On Tue, May 23, 2023 at 08:32:42PM +0530, Ritesh Harjani wrote:
> Brian Foster <bfoster@redhat.com> writes:
> 
> > On Tue, May 23, 2023 at 07:13:04PM +0530, Ritesh Harjani wrote:
> >> Brian Foster <bfoster@redhat.com> writes:
> >> 
> >> > On Mon, May 22, 2023 at 05:56:25PM -0700, Darrick J. Wong wrote:
> >> >> On Mon, May 22, 2023 at 07:18:07AM -0400, Brian Foster wrote:
> >> >> > On Mon, May 22, 2023 at 10:03:05AM +0530, Ritesh Harjani wrote:
> >> >> > > Matthew Wilcox <willy@infradead.org> writes:
> >> >> > >
> >> >> > > > On Thu, May 18, 2023 at 06:23:44AM -0700, Christoph Hellwig wrote:
> >> >> > > >> On Wed, May 17, 2023 at 02:48:12PM -0400, Brian Foster wrote:
> >> >> > > >> > But I also wonder.. if we can skip the iop alloc on full folio buffered
> >> >> > > >> > overwrites, isn't that also true of mapped writes to folios that don't
> >> >> > > >> > already have an iop?
> >> >> > > >>
> >> >> > > >> Yes.
> >> >> > > >
> >> >> > > > Hm, well, maybe?  If somebody stores to a page, we obviously set the
> >> >> > > > dirty flag on the folio, but depending on the architecture, we may
> >> >> > > > or may not have independent dirty bits on the PTEs (eg if it's a PMD,
> >> >> > > > we have one dirty bit for the entire folio; similarly if ARM uses the
> >> >> > > > contiguous PTE bit).  If we do have independent dirty bits, we could
> >> >> > > > dirty only the blocks corresponding to a single page at a time.
> >> >> > > >
> >> >> > > > This has potential for causing some nasty bugs, so I'm inclined to
> >> >> > > > rule that if a folio is mmaped, then it's all dirty from any writable
> >> >> > > > page fault.  The fact is that applications generally do not perform
> >> >> > > > writes through mmap because the error handling story is so poor.
> >> >> > > >
> >> >> > > > There may be a different answer for anonymous memory, but that doesn't
> >> >> > > > feel like my problem and shouldn't feel like any FS developer's problem.
> >> >> > >
> >> >> > > Although I am skeptical too to do the changes which Brian is suggesting
> >> >> > > here. i.e. not making all the blocks of the folio dirty when we are
> >> >> > > going to call ->dirty_folio -> filemap_dirty_folio() (mmaped writes).
> >> >> > >
> >> >> > > However, I am sorry but I coudn't completely follow your reasoning
> >> >> > > above.
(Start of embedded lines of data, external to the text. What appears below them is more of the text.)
lemma radial_gelfand_unique:
  fixes u u' u'' v v' v'' :: "real \<Rightarrow> real" and k a b :: real
  assumes "0 < a" and "a \<le> b"
    and du: "\<And>t. t \<in> {a..b} \<Longrightarrow> (u has_real_derivative u' t) (at t)"
    and ddu: "\<And>t. t \<in> {a..b} \<Longrightarrow> (u' has_real_derivative u'' t) (at t)"
    and ode_u: "\<And>t. t \<in> {a..b} \<Longrightarrow> u'' t + k / t * u' t + exp (u t) = 0"
    and dv: "\<And>t. t \<in> {a..b} \<Longrightarrow> (v has_real_derivative v' t) (at t)"
    and ddv: "\<And>t. t \<in> {a..b} \<Longrightarrow> (v' has_real_derivative v'' t) (at t)"
    and ode_v: "\<And>t. t \<in> {a..b} \<Longrightarrow> v'' t + k / t * v' t + exp (v t) = 0"
    and "u b = v b" and "u' b = v' b"
  shows "u a = v a"
proof -
  have "continuous_on {a..b} (\<lambda>t. exp (u t) + exp (v t))"
    using du dv by (intro continuous_intros continuous_at_imp_continuous_on ballI
        DERIV_isCont) auto
  then obtain M where M: "\<And>t. t \<in> {a..b} \<Longrightarrow> exp (u t) + exp (v t) \<le> M"
    using continuous_attains_sup[of "{a..b}"] \<open>a \<le> b\<close> by fastforce
  then have "0 \<le> M"
    using \<open>a \<le> b\<close> by (smt (verit) atLeastAtMost_iff exp_gt_zero)
  define C where "C = 1 + 2 * \<bar>k\<bar> / a + M"
  define g where "g t = (u t - v t)\<^sup>2 + (u' t - v' t)\<^sup>2" for t
  define g' where "g' t = 2 * (u t - v t) * (u' t - v' t)
    + 2 * (u' t - v' t) * (u'' t - v'' t)" for t
  have "g a \<le> exp (C * (b - a)) * g b"
  proof (rule gronwall_backward[OF \<open>a \<le> b\<close>])
    fix t assume t: "t \<in> {a..b}"
    show "(g has_real_derivative g' t) (at t)"
      unfolding g_def g'_def using du[OF t] dv[OF t] ddu[OF t] ddv[OF t]
      by (auto intro!: derivative_eq_intros simp: algebra_simps)
    have "0 < t" "a \<le> t"
      using t \<open>0 < a\<close> by auto
    have exp_lipschitz: "\<bar>exp (u t) - exp (v t)\<bar> \<le> M * \<bar>u t - v t\<bar>"
      using abs_exp_diff_le[of "u t" "v t"] M[OF t] by (smt (verit) abs_ge_zero mult_right_mono)
    have ode_diff: "u'' t - v'' t = - (k / t * (u' t - v' t)) - (exp (u t) - exp (v t))"
      using ode_u[OF t] ode_v[OF t] by (simp add: right_diff_distrib)
    have "- (1 + 2 * \<bar>k / t\<bar> + M) * g t \<le> 2 * (u t - v t) * (u' t - v' t)
        - 2 * (k / t) * (u' t - v' t)\<^sup>2 - 2 * (u' t - v' t) * (exp (u t) - exp (v t))"
      unfolding g_def by (rule energy_deriv_lower_bound[OF \<open>0 \<le> M\<close> exp_lipschitz])
    also have "\<dots> = g' t"
      unfolding g'_def ode_diff by (simp add: power2_eq_square algebra_simps)
    finally have "- (1 + 2 * \<bar>k / t\<bar> + M) * g t \<le> g' t" .
    moreover have "2 * \<bar>k / t\<bar> \<le> 2 * \<bar>k\<bar> / a"
      using \<open>0 < a\<close> \<open>a \<le> t\<close> by (simp add: abs_div frac_le)
    moreover have "0 \<le> g t"
      by (simp add: g_def)
    ultimately show "- C * g t \<le> g' t"
      unfolding C_def by (smt (verit) mult_right_mono)
  qed
  moreover have "g b = 0"
    using \<open>u b = v b\<close> \<open>u' b = v' b\<close> by (simp add: g_def)
  ultimately have "(u a - v a)\<^sup>2 + (u' a - v' a)\<^sup>2 \<le> 0"
    by (simp add: g_def)
  then show ?thesis
    by (simp add: sum_power2_le_zero_iff)
qed

text \<open>For \<open>k = n - 1\<close> this is \<open>-2 ln |x|\<close> shifted by \<open>ln (2 (n - 2))\<close>, the singular
  solution of the Gelfand problem at \<open>\<lambda> = 2 (n - 2)\<close>.\<close>
definition gelfand_singular :: "real \<Rightarrow> real \<Rightarrow> real" where
  "gelfand_singular k t = ln (2 * (k - 1)) - 2 * ln t"

lemma has_real_derivative_gelfand_singular:
  "0 < t \<Longrightarrow> (gelfand_singular k has_real_derivative - 2 / t) (at t)"
  unfolding gelfand_singular_def by (auto intro!: derivative_eq_intros)

lemma gelfand_singular_ode:
  assumes "1 < k" and "0 < t"
  shows "2 / t\<^sup>2 + k / t * (- 2 / t) + exp (gelfand_singular k t) = 0"
proof -
  have "exp (gelfand_singular k t) = 2 * (k - 1) / t\<^sup>2"
    using assms by (simp add: gelfand_singular_def exp_diff exp_double)
  then show ?thesis
    using assms by (simp add: field_simps power2_eq_square)
qed

lemma filterlim_gelfand_singular_at_right_0:
  "filterlim (gelfand_singular k) at_top (at_right 0)"
  unfolding gelfand_singular_def by real_asymp

lemma deriv_sq_mult_exp:
  fixes w w' w'' :: "real \<Rightarrow> real"
  assumes d1: "\<And>t. 0 < t \<Longrightarrow> (w has_real_derivative w' t) (at t)"
    and d2: "\<And>t. 0 < t \<Longrightarrow> (w' has_real_derivative w'' t) (at t)"
    and "0 < t"
  shows "deriv (\<lambda>s. s\<^sup>2 * exp (w s)) t = t * exp (w t) * (2 + t * w' t)"
    and "deriv (deriv (\<lambda>s. s\<^sup>2 * exp (w s))) t
      = exp (w t) * (2 + 4 * (t * w' t) + (t * w' t)\<^sup>2 + t\<^sup>2 * w'' t)"
proof -
  have first: "deriv (\<lambda>s. s\<^sup>2 * exp (w s)) s = s * exp (w s) * (2 + s * w' s)" if "0 < s" for s
    by (rule DERIV_imp_deriv)
      (use d1[OF that] in \<open>auto intro!: derivative_eq_intros simp: algebra_simps power2_eq_square\<close>)
  then show "deriv (\<lambda>s. s\<^sup>2 * exp (w s)) t = t * exp (w t) * (2 + t * w' t)"
    using \<open>0 < t\<close> .
  have "\<forall>\<^sub>F s in nhds t. deriv (\<lambda>s. s\<^sup>2 * exp (w s)) s = s * exp (w s) * (2 + s * w' s)"
    using eventually_nhds_in_open[of "{0<..}" t] \<open>0 < t\<close> by (auto elim!: eventually_mono intro: first)
  moreover have "((\<lambda>s. s * exp (w s) * (2 + s * w' s)) has_real_derivative
      exp (w t) * (2 + 4 * (t * w' t) + (t * w' t)\<^sup>2 + t\<^sup>2 * w'' t)) (at t)"
    using d1[OF \<open>0 < t\<close>] d2[OF \<open>0 < t\<close>]
    by (auto intro!: derivative_eq_intros simp: algebra_simps power2_eq_square)
  ultimately show "deriv (deriv (\<lambda>s. s\<^sup>2 * exp (w s))) t
      = exp (w t) * (2 + 4 * (t * w' t) + (t * w' t)\<^sup>2 + t\<^sup>2 * w'' t)"
    by (intro DERIV_imp_deriv) (simp add: DERIV_cong_ev)
qed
I think what Brian is suggesting here is that
> >> >> > > filemap_dirty_folio() should be similar to complete buffered overwrite
> >> >> > > case where we do not allocate the iop at the ->write_begin() time.
> >> >> > > Then at the writeback time we allocate an iop and mark all blocks dirty.
> >> >> > >
> >> >> >
> >> >> > Yeah... I think what Willy is saying (i.e. to not track sub-page dirty
> >> >> > granularity of intra-folio faults) makes sense, but I'm also not sure
> >> >> > what it has to do with the idea of being consistent with how full folio
> >> >> > overwrites are implemented (between buffered or mapped writes). We're
> >> >> > not changing historical dirtying granularity either way. I think this is
> >> >> > just a bigger picture thought for future consideration as opposed to
> >> >> > direct feedback on this patch..
> >> >>
> >> >> <nod>
> >> >>
> >> >> > > In a way it is also the similar case as for mmapped writes too but my
> >> >> > > only worry is the way mmaped writes work and it makes more
> >> >> > > sense to keep the dirty state of folio and per-block within iop in sync.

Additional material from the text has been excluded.